[Saved data entries]
━━━━━━━━━━━━━━━━

(* Let $M$ be a tabular MDP with finite $\mathcal S,\mathcal A$, discount $\gamma\in(0,1)$, and reward $r(\cdot;\theta^* )$ with $|r(s,a;\theta^* )|\le R_{\max}$. Let $P^*$ and $\tilde P$ be two transition models, and let $Q^*,\tilde Q$ be the fixed points of the soft Bellman update using $P^*$ and $\tilde P$ respectively, with policies $\pi^*(a\mid s;\theta^* )\propto\exp(Q^*(s,a;\theta^* ))$ and $\tilde\pi(a\mid s;\theta^* )\propto\exp(\tilde Q(s,a;\theta^* ))$. Let $\Delta_P=\sup_{s,a}\|P^*(\cdot\mid s,a)-\tilde P(\cdot\mid s,a)\|_1$. Then $$\mathbb E_{s\sim w^*}\big[D_{\mathrm{KL}}(\pi^*(\cdot\mid s;\theta^* )\,\|\,\tilde\pi(\cdot\mid s;\theta^* ))\big]\le\frac{2|\mathcal A|R_{\max}}{(1-\gamma)^2}\,\Delta_P .$$
   Context: The soft Bellman update with transition model $P$ and discount $\gamma$ is $Q(s,a;\theta)=r(s,a;\theta)+\gamma\sum_{s'}P(s'\mid s,a)V(s';\theta)$, $V(s;\theta)=\log\sum_{a\in\mathcal A}\exp(Q(s,a;\theta))$. $w^*$ is the discounted stationary state distribution of $\pi^*$ (under the true MDP). *)

theory Defs
  imports Complex_Main
begin

text \<open>Tabular MDP: finite state type 's, finite action type 'a.
  A transition model is P :: 's => 'a => 's => real, P s a s' = P(s' | s, a).\<close>

definition stochastic_kernel :: "('s::finite \<Rightarrow> 'a::finite \<Rightarrow> 's \<Rightarrow> real) \<Rightarrow> bool" where
  "stochastic_kernel P \<longleftrightarrow> (\<forall>s a s'. 0 \<le> P s a s') \<and> (\<forall>s a. (\<Sum>s'\<in>UNIV. P s a s') = 1)"

definition soft_value :: "('s \<Rightarrow> 'a::finite \<Rightarrow> real) \<Rightarrow> 's \<Rightarrow> real" where
  "soft_value Q s = ln (\<Sum>a\<in>UNIV. exp (Q s a))"

definition soft_bellman_fixpoint ::
  "real \<Rightarrow> ('s::finite \<Rightarrow> 'a::finite \<Rightarrow> real) \<Rightarrow> ('s \<Rightarrow> 'a \<Rightarrow> 's \<Rightarrow> real) \<Rightarrow> ('s \<Rightarrow> 'a \<Rightarrow> real) \<Rightarrow> bool" where
  "soft_bellman_fixpoint \<gamma> r P Q \<longleftrightarrow>
     (\<forall>s a. Q s a = r s a + \<gamma> * (\<Sum>s'\<in>UNIV. P s a s' * soft_value Q s'))"

definition softmax_policy :: "('s \<Rightarrow> 'a::finite \<Rightarrow> real) \<Rightarrow> 's \<Rightarrow> 'a \<Rightarrow> real" where
  "softmax_policy Q s a = exp (Q s a) / (\<Sum>b\<in>UNIV. exp (Q s b))"

definition KL_div :: "('a::finite \<Rightarrow> real) \<Rightarrow> ('a \<Rightarrow> real) \<Rightarrow> real" where
  "KL_div p q = (\<Sum>a\<in>UNIV. p a * ln (p a / q a))"

definition policy_transition ::
  "('s::finite \<Rightarrow> 'a::finite \<Rightarrow> 's \<Rightarrow> real) \<Rightarrow> ('s \<Rightarrow> 'a \<Rightarrow> real) \<Rightarrow> 's \<Rightarrow> 's \<Rightarrow> real" where
  "policy_transition P \<pi> s s' = (\<Sum>a\<in>UNIV. \<pi> s a * P s a s')"
lemma lim_le_of_less_nn_integral_growth:
  assumes lim: "(\<lambda>n. nonpos_integral M (F n) / ereal (real n)) \<longlonglongrightarrow> L"
    and A: "0 \<le> A" and A_less: "ennreal A < (\<integral>\<^sup>+y. e2ennreal (growth y) \<partial>M)"
  shows "L \<le> ereal (- A)"
proof -
  have "ennreal A < (\<integral>\<^sup>+y. e2ennreal (orbit_growth y) \<partial>M)"
    using A_less nn_integral_growth_le_orbit_growth by simp
  also have "\<dots> = (SUP K::nat. \<integral>\<^sup>+y. min (e2ennreal (orbit_growth y)) (of_nat K) \<partial>M)"
    by (rule nn_integral_SUP_min_of_nat) measurable
  finally obtain K :: nat where "ennreal A < (\<integral>\<^sup>+y. min (e2ennreal (orbit_growth y)) (of_nat K) \<partial>M)"
    by (auto simp: less_SUP_iff)
  then have trunc: "A < (\<integral>y. trunc_growth (real K) y \<partial>M)"
    unfolding nn_integral_trunc_growth using A by (simp add: ennreal_less_iff)
  obtain l :: nat where "real l > l0" "A * \<alpha> (real l) < (\<integral>y. trunc_growth (real K) y \<partial>M)"
  proof (cases "A = 0")
    case True
    obtain l :: nat where "real l > l0" using exists_gap_\<alpha>_less[of 2] by auto
    then show ?thesis using that True trunc by simp
  next
    case False
    then have "(\<integral>y. trunc_growth (real K) y \<partial>M) / A > 1" using A trunc by simp
    from exists_gap_\<alpha>_less[OF this] obtain l :: nat
      where "real l > l0" "\<alpha> (real l) < (\<integral>y. trunc_growth (real K) y \<partial>M) / A" .
    then show ?thesis using that False A by (simp add: field_simps)
  qed
  then show ?thesis by (intro lim_le_of_less_integral_trunc_growth[OF lim]) auto
qed

lemma lim_le_nonpos_integral_liminf:
  assumes lim: "(\<lambda>n. nonpos_integral M (F n) / ereal (real n)) \<longlonglongrightarrow> L"
  shows "L \<le> nonpos_integral M (\<lambda>y. liminf (\<lambda>n. F n y / ereal (real n)))"
proof -
  define X where "X = (\<integral>\<^sup>+y. e2ennreal (growth y) \<partial>M)"
  have rhs: "nonpos_integral M (\<lambda>y. liminf (\<lambda>n. F n y / ereal (real n))) = - enn2ereal X"
    unfolding nonpos_integral_def X_def uminus_liminf_eq_growth ..
  have below: "L \<le> ereal (- A)" if "0 \<le> A" "ennreal A < X" for A
    using lim_le_of_less_nn_integral_growth[OF lim that[unfolded X_def]] .
  show ?thesis
  proof (cases X)
    case (real x)
    have "L \<le> ereal (- x) + ereal e" if e: "0 < e" for e
    proof (cases "x \<le> e")
      case True
      then have "0 \<le> ereal (- x) + ereal e" by simp
      with lim_nonpos[OF lim] show ?thesis by (rule order_trans)
    next
      case False
      then show ?thesis using below[of "x - e"] e real by (simp add: ennreal_lessI)
    qed
    then show ?thesis using real rhs by (simp add: ereal_le_epsilon2)
  next
    case top
    have "L \<le> ereal (- r)" if "r \<ge> 0" for r using below[of r] that top by simp
    then have "L = - \<infinity>"
    proof (cases L)
      case (real x)
      then show ?thesis using \<open>\<And>r. r \<ge> 0 \<Longrightarrow> L \<le> ereal (- r)\<close>[of "\<bar>x\<bar> + 1"] by simp
    qed (use lim_nonpos[OF lim] in simp_all)
    then show ?thesis by simp
  qed
qed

━━━━━━━━━━━━━━━━

What to produce:
Every entry is to be printed exactly as given.

Your response:
(* Let $M$ be a tabular MDP with finite $\mathcal S,\mathcal A$, discount $\gamma\in(0,1)$, and reward $r(\cdot;\theta^* )$ with $|r(s,a;\theta^* )|\le R_{\max}$. Let $P^*$ and $\tilde P$ be two transition models, and let $Q^*,\tilde Q$ be the fixed points of the soft Bellman update using $P^*$ and $\tilde P$ respectively, with policies $\pi^*(a\mid s;\theta^* )\propto\exp(Q^*(s,a;\theta^* ))$ and $\tilde\pi(a\mid s;\theta^* )\propto\exp(\tilde Q(s,a;\theta^* ))$. Let $\Delta_P=\sup_{s,a}\|P^*(\cdot\mid s,a)-\tilde P(\cdot\mid s,a)\|_1$. Then $$\mathbb E_{s\sim w^*}\big[D_{\mathrm{KL}}(\pi^*(\cdot\mid s;\theta^* )\,\|\,\tilde\pi(\cdot\mid s;\theta^* ))\big]\le\frac{2|\mathcal A|R_{\max}}{(1-\gamma)^2}\,\Delta_P .$$
   Context: The soft Bellman update with transition model $P$ and discount $\gamma$ is $Q(s,a;\theta)=r(s,a;\theta)+\gamma\sum_{s'}P(s'\mid s,a)V(s';\theta)$, $V(s;\theta)=\log\sum_{a\in\mathcal A}\exp(Q(s,a;\theta))$. $w^*$ is the discounted stationary state distribution of $\pi^*$ (under the true MDP). *)

theory Defs
  imports Complex_Main
begin

text \<open>Tabular MDP: finite state type 's, finite action type 'a.
  A transition model is P :: 's => 'a => 's => real, P s a s' = P(s' | s, a).\<close>

definition stochastic_kernel :: "('s::finite \<Rightarrow> 'a::finite \<Rightarrow> 's \<Rightarrow> real) \<Rightarrow> bool" where
  "stochastic_kernel P \<longleftrightarrow> (\<forall>s a s'. 0 \<le> P s a s') \<and> (\<forall>s a. (\<Sum>s'\<in>UNIV. P s a s') = 1)"

definition soft_value :: "('s \<Rightarrow> 'a::finite \<Rightarrow> real) \<Rightarrow> 's \<Rightarrow> real" where
  "soft_value Q s = ln (\<Sum>a\<in>UNIV. exp (Q s a))"

definition soft_bellman_fixpoint ::
  "real \<Rightarrow> ('s::finite \<Rightarrow> 'a::finite \<Rightarrow> real) \<Rightarrow> ('s \<Rightarrow> 'a \<Rightarrow> 's \<Rightarrow> real) \<Rightarrow> ('s \<Rightarrow> 'a \<Rightarrow> real) \<Rightarrow> bool" where
  "soft_bellman_fixpoint \<gamma> r P Q \<longleftrightarrow>
     (\<forall>s a. Q s a = r s a + \<gamma> * (\<Sum>s'\<in>UNIV. P s a s' * soft_value Q s'))"

definition softmax_policy :: "('s \<Rightarrow> 'a::finite \<Rightarrow> real) \<Rightarrow> 's \<Rightarrow> 'a \<Rightarrow> real" where
  "softmax_policy Q s a = exp (Q s a) / (\<Sum>b\<in>UNIV. exp (Q s b))"

definition KL_div :: "('a::finite \<Rightarrow> real) \<Rightarrow> ('a \<Rightarrow> real) \<Rightarrow> real" where
  "KL_div p q = (\<Sum>a\<in>UNIV. p a * ln (p a / q a))"

definition policy_transition ::
  "('s::finite \<Rightarrow> 'a::finite \<Rightarrow> 's \<Rightarrow> real) \<Rightarrow> ('s \<Rightarrow> 'a \<Rightarrow> real) \<Rightarrow> 's \<Rightarrow> 's \<Rightarrow> real" where
  "policy_transition P \<pi> s s' = (\<Sum>a\<in>UNIV. \<pi> s a * P s a s')"
lemma lim_le_of_less_nn_integral_growth:
  assumes lim: "(\<lambda>n. nonpos_integral M (F n) / ereal (real n)) \<longlonglongrightarrow> L"
    and A: "0 \<le> A" and A_less: "ennreal A < (\<integral>\<^sup>+y. e2ennreal (growth y) \<partial>M)"
  shows "L \<le> ereal (- A)"
proof -
  have "ennreal A < (\<integral>\<^sup>+y. e2ennreal (orbit_growth y) \<partial>M)"
    using A_less nn_integral_growth_le_orbit_growth by simp
  also have "\<dots> = (SUP K::nat. \<integral>\<^sup>+y. min (e2ennreal (orbit_growth y)) (of_nat K) \<partial>M)"
    by (rule nn_integral_SUP_min_of_nat) measurable
  finally obtain K :: nat where "ennreal A < (\<integral>\<^sup>+y. min (e2ennreal (orbit_growth y)) (of_nat K) \<partial>M)"
    by (auto simp: less_SUP_iff)
  then have trunc: "A < (\<integral>y. trunc_growth (real K) y \<partial>M)"
    unfolding nn_integral_trunc_growth using A by (simp add: ennreal_less_iff)
  obtain l :: nat where "real l > l0" "A * \<alpha> (real l) < (\<integral>y. trunc_growth (real K) y \<partial>M)"
  proof (cases "A = 0")
    case True
    obtain l :: nat where "real l > l0" using exists_gap_\<alpha>_less[of 2] by auto
    then show ?thesis using that True trunc by simp
  next
    case False
    then have "(\<integral>y. trunc_growth (real K) y \<partial>M) / A > 1" using A trunc by simp
    from exists_gap_\<alpha>_less[OF this] obtain l :: nat
      where "real l > l0" "\<alpha> (real l) < (\<integral>y. trunc_growth (real K) y \<partial>M) / A" .
    then show ?thesis using that False A by (simp add: field_simps)
  qed
  then show ?thesis by (intro lim_le_of_less_integral_trunc_growth[OF lim]) auto
qed

lemma lim_le_nonpos_integral_liminf:
  assumes lim: "(\<lambda>n. nonpos_integral M (F n) / ereal (real n)) \<longlonglongrightarrow> L"
  shows "L \<le> nonpos_integral M (\<lambda>y. liminf (\<lambda>n. F n y / ereal (real n)))"
proof -
  define X where "X = (\<integral>\<^sup>+y. e2ennreal (growth y) \<partial>M)"
  have rhs: "nonpos_integral M (\<lambda>y. liminf (\<lambda>n. F n y / ereal (real n))) = - enn2ereal X"
    unfolding nonpos_integral_def X_def uminus_liminf_eq_growth ..
  have below: "L \<le> ereal (- A)" if "0 \<le> A" "ennreal A < X" for A
    using lim_le_of_less_nn_integral_growth[OF lim that[unfolded X_def]] .
  show ?thesis
  proof (cases X)
    case (real x)
    have "L \<le> ereal (- x) + ereal e" if e: "0 < e" for e
    proof (cases "x \<le> e")
      case True
      then have "0 \<le> ereal (- x) + ereal e" by simp
      with lim_nonpos[OF lim] show ?thesis by (rule order_trans)
    next
      case False
      then show ?thesis using below[of "x - e"] e real by (simp add: ennreal_lessI)
    qed
    then show ?thesis using real rhs by (simp add: ereal_le_epsilon2)
  next
    case top
    have "L \<le> ereal (- r)" if "r \<ge> 0" for r using below[of r] that top by simp
    then have "L = - \<infinity>"
    proof (cases L)
      case (real x)
      then show ?thesis using \<open>\<And>r. r \<ge> 0 \<Longrightarrow> L \<le> ereal (- r)\<close>[of "\<bar>x\<bar> + 1"] by simp
    qed (use lim_nonpos[OF lim] in simp_all)
    then show ?thesis by simp
  qed
qed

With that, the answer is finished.